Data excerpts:
■ ■ ■ ■ ■ ■ ■

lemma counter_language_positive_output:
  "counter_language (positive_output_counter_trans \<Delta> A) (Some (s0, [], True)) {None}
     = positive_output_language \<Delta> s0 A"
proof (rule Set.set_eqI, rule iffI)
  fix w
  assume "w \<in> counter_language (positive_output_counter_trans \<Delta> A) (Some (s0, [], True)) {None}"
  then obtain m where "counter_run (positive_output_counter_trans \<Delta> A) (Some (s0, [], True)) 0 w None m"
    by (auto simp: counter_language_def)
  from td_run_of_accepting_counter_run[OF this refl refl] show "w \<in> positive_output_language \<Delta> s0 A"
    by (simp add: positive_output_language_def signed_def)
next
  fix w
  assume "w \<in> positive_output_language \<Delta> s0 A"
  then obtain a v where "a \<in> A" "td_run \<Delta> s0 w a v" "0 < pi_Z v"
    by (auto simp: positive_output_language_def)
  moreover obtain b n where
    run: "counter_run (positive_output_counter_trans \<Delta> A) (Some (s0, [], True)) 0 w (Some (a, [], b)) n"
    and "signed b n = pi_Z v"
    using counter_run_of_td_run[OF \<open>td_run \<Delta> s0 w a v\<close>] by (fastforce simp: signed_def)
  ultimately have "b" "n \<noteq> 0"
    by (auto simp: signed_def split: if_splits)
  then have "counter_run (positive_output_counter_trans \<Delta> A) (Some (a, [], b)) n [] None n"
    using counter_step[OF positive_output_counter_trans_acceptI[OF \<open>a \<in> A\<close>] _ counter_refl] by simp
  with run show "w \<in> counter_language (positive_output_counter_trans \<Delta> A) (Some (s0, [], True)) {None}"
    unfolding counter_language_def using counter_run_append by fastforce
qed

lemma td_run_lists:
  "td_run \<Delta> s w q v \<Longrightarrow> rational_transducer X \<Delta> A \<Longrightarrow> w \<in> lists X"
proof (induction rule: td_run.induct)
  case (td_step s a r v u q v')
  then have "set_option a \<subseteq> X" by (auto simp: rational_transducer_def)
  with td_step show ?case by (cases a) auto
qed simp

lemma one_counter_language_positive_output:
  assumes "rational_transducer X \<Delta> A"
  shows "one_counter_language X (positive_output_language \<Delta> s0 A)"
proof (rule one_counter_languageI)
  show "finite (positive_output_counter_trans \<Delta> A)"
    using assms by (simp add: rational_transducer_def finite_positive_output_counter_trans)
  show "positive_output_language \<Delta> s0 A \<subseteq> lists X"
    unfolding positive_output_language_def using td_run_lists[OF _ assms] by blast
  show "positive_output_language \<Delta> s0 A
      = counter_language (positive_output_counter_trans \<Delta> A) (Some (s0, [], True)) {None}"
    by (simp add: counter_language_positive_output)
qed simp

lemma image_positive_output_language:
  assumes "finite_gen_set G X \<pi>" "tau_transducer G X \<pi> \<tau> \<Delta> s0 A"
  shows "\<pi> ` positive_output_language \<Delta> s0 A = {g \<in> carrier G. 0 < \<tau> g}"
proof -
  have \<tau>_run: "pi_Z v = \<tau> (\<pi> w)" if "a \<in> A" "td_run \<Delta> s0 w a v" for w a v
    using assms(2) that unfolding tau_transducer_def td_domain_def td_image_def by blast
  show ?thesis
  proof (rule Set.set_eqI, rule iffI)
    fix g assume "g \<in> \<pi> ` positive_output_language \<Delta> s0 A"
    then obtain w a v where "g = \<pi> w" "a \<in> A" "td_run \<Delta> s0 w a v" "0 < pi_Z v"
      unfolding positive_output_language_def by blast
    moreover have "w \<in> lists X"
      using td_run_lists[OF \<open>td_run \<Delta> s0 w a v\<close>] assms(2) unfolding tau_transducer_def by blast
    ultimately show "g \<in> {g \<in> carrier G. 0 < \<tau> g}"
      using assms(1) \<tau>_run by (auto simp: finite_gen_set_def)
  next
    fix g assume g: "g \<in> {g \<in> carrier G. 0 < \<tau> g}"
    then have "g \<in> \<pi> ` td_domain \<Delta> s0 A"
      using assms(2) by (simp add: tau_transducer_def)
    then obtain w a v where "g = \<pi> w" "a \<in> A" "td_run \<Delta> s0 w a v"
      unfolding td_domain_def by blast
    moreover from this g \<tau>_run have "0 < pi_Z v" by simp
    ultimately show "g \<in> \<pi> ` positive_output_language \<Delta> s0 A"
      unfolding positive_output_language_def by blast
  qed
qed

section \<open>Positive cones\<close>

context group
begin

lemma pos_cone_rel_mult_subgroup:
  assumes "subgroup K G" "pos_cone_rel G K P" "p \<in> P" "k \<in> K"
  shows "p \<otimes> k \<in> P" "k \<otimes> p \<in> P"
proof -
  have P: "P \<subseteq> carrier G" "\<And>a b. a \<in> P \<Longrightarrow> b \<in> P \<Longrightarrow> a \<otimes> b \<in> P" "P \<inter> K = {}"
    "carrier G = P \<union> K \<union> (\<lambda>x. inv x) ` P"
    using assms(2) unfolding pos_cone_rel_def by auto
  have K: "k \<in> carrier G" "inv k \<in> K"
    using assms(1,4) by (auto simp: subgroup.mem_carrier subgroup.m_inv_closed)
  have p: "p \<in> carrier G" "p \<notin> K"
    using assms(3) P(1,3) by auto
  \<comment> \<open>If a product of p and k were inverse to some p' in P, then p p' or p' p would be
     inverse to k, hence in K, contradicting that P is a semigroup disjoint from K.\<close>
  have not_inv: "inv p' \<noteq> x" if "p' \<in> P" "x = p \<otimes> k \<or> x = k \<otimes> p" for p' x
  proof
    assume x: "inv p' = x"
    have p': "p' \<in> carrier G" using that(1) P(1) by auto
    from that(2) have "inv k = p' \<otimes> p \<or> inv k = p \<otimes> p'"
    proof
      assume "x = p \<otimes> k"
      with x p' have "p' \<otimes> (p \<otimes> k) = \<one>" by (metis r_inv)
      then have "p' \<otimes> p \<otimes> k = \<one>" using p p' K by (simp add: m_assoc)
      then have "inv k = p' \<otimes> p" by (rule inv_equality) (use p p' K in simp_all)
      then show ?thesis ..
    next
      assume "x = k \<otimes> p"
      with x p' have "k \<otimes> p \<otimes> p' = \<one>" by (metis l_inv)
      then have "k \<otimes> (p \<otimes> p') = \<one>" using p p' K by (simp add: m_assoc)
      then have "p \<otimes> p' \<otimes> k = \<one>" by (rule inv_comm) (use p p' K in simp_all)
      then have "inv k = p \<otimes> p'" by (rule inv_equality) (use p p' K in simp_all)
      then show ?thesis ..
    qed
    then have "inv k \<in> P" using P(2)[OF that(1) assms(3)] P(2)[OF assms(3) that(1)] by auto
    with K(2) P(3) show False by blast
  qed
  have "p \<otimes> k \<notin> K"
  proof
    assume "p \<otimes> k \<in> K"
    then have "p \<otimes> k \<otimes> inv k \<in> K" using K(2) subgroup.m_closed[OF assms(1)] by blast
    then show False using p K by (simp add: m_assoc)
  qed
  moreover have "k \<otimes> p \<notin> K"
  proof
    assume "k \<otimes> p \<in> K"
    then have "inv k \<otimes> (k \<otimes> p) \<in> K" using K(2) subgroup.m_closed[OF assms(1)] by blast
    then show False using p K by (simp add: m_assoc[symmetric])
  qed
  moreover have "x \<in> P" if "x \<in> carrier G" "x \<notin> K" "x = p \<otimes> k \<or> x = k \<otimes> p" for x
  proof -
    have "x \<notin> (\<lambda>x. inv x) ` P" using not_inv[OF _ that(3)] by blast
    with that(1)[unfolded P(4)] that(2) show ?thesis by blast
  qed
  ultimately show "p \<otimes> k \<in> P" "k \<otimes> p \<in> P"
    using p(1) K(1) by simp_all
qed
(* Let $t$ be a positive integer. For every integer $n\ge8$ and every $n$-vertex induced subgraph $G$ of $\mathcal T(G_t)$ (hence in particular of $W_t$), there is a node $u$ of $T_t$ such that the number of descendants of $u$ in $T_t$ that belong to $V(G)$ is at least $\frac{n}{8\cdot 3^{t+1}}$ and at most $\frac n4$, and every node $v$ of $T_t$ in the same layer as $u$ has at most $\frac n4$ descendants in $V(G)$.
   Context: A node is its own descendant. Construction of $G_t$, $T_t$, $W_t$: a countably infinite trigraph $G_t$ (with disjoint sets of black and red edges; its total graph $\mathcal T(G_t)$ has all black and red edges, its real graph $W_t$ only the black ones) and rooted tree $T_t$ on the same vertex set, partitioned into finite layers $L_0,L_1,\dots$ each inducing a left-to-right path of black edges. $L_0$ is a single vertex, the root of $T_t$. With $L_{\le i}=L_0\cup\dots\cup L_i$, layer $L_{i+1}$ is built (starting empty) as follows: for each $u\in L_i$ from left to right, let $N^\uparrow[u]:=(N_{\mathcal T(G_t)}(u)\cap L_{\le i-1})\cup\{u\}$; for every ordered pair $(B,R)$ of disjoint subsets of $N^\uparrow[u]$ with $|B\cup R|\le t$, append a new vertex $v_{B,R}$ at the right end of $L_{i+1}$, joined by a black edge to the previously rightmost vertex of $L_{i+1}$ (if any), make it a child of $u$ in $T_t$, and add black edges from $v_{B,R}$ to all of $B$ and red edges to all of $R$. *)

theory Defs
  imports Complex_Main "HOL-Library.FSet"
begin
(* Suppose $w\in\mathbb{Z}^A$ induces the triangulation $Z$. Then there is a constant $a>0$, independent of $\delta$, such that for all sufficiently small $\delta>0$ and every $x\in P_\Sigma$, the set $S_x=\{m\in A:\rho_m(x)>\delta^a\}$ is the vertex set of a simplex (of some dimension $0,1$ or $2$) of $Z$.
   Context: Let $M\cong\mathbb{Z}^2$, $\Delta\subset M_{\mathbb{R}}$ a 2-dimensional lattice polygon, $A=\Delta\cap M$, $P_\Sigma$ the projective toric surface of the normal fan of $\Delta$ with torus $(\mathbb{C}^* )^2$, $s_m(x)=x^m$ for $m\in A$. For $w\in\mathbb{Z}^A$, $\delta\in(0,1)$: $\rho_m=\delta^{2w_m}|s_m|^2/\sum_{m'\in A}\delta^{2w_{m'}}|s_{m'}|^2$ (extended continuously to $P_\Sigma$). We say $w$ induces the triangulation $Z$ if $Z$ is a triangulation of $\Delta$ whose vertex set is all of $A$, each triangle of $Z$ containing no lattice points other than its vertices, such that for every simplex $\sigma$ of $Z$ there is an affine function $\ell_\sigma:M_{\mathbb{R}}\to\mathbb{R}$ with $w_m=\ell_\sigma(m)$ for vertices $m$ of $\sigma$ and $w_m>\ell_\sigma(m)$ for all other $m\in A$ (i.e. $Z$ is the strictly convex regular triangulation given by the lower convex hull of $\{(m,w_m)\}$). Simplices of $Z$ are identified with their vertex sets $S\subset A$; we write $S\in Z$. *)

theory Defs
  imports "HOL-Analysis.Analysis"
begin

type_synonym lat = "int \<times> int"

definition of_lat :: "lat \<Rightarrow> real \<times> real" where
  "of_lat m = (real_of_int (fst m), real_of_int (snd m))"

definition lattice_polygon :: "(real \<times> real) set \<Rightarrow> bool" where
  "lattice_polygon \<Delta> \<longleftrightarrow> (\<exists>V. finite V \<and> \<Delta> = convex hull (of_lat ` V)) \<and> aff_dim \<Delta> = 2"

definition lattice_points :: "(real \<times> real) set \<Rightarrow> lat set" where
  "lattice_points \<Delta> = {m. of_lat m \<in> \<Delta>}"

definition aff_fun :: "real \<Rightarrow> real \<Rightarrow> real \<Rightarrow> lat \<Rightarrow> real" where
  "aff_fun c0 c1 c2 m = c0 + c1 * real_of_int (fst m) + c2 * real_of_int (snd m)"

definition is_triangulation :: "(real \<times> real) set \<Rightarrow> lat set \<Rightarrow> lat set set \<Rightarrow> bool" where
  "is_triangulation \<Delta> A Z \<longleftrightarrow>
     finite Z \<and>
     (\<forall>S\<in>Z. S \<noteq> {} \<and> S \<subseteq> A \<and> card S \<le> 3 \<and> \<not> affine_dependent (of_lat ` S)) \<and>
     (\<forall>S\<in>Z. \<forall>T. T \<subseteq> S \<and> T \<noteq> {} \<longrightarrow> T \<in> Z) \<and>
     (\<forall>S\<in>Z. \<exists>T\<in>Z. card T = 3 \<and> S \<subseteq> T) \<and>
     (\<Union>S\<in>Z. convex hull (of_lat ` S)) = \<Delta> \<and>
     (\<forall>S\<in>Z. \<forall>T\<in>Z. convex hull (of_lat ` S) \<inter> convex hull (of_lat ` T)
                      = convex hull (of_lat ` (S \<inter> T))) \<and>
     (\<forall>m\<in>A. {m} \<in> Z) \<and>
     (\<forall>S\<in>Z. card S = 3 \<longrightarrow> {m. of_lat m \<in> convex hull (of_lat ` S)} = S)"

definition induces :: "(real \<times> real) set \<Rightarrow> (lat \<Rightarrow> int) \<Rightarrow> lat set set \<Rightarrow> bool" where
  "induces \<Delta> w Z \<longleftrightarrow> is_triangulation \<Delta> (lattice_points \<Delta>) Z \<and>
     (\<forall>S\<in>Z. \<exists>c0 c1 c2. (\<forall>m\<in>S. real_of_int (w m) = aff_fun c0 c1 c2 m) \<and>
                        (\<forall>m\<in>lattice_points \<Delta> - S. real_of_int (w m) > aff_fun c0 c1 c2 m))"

■ ■ ■ ■ ■ ■ ■

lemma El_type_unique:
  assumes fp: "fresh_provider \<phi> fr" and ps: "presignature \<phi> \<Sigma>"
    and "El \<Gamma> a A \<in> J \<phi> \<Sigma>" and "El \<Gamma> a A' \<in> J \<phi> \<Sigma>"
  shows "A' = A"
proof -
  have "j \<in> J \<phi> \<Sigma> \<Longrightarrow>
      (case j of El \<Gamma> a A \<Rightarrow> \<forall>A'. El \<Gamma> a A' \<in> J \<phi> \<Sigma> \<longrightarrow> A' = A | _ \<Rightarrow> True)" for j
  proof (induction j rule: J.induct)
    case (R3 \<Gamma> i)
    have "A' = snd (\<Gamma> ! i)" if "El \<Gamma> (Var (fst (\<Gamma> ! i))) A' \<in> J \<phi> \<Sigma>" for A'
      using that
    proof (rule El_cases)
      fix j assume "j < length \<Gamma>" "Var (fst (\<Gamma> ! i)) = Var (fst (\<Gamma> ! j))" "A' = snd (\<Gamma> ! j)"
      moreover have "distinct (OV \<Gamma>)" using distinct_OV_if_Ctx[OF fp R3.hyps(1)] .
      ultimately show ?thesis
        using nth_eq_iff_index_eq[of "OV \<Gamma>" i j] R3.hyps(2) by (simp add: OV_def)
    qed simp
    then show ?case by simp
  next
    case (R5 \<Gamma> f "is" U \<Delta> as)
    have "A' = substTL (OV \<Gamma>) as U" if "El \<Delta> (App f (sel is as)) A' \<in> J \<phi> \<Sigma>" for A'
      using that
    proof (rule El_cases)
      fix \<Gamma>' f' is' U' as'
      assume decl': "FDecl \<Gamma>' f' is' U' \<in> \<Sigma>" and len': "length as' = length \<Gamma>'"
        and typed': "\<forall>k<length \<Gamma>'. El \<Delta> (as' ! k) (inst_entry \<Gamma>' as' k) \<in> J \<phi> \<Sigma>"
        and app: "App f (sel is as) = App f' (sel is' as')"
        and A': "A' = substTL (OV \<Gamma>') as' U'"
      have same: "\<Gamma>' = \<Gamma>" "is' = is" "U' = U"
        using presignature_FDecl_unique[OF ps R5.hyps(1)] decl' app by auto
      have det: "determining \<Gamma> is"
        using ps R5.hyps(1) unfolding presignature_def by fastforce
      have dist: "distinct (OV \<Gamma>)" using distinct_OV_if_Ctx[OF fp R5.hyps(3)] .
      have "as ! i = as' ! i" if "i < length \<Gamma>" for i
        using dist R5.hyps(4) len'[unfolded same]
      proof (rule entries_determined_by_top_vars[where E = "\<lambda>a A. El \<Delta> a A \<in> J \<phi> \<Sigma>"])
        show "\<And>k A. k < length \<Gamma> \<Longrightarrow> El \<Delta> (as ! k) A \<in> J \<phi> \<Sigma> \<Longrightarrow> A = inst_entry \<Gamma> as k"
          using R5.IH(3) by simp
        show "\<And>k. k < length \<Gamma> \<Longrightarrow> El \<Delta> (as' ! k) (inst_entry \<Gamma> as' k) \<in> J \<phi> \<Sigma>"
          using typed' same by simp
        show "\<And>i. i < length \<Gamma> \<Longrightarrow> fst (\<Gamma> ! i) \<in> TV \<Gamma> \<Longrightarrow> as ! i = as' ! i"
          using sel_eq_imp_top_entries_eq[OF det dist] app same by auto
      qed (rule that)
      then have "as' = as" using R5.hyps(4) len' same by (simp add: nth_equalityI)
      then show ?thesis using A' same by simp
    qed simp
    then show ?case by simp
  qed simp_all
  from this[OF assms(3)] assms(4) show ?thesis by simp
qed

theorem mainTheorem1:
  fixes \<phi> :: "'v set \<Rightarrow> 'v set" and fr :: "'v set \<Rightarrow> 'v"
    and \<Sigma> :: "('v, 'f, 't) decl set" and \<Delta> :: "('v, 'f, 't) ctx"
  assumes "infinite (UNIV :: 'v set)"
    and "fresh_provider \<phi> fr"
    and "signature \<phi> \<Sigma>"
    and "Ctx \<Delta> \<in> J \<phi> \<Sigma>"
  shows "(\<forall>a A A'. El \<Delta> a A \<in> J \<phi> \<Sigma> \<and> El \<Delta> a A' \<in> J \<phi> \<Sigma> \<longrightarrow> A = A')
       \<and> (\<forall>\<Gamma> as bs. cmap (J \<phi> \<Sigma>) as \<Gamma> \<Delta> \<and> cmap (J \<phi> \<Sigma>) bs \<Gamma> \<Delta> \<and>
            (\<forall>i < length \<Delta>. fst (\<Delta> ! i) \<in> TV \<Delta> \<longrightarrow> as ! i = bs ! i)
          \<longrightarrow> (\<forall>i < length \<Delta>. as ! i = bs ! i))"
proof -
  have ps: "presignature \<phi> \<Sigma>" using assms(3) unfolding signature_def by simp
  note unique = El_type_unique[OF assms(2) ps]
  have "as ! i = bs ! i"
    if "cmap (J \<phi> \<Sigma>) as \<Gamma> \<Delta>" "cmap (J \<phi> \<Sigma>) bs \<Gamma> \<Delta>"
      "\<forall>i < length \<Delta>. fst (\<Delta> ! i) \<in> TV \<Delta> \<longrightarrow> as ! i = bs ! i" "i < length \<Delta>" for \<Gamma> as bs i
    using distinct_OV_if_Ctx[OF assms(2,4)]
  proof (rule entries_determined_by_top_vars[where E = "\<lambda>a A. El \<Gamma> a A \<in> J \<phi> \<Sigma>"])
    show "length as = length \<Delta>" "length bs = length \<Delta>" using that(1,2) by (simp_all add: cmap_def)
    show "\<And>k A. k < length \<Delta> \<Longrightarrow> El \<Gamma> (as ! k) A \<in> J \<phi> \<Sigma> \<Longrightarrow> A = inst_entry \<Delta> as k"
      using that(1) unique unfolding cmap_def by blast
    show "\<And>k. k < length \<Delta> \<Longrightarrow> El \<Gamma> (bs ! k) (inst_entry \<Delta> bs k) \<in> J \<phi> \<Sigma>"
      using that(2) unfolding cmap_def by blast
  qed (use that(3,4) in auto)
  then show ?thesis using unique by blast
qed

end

■ ■ ■ ■ ■ ■ ■

Please give an exact copy of the lines above, beginning with the line containing "by (metis l_inv)" and running through the line containing "inv_comm) (use p p' K in simp_all)", and of no other lines.

## Result below
      with x p' have "k \<otimes> p \<otimes> p' = \<one>" by (metis l_inv)
      then have "k \<otimes> (p \<otimes> p') = \<one>" using p p' K by (simp add: m_assoc)
      then have "p \<otimes> p' \<otimes> k = \<one>" by (rule inv_comm) (use p p' K in simp_all)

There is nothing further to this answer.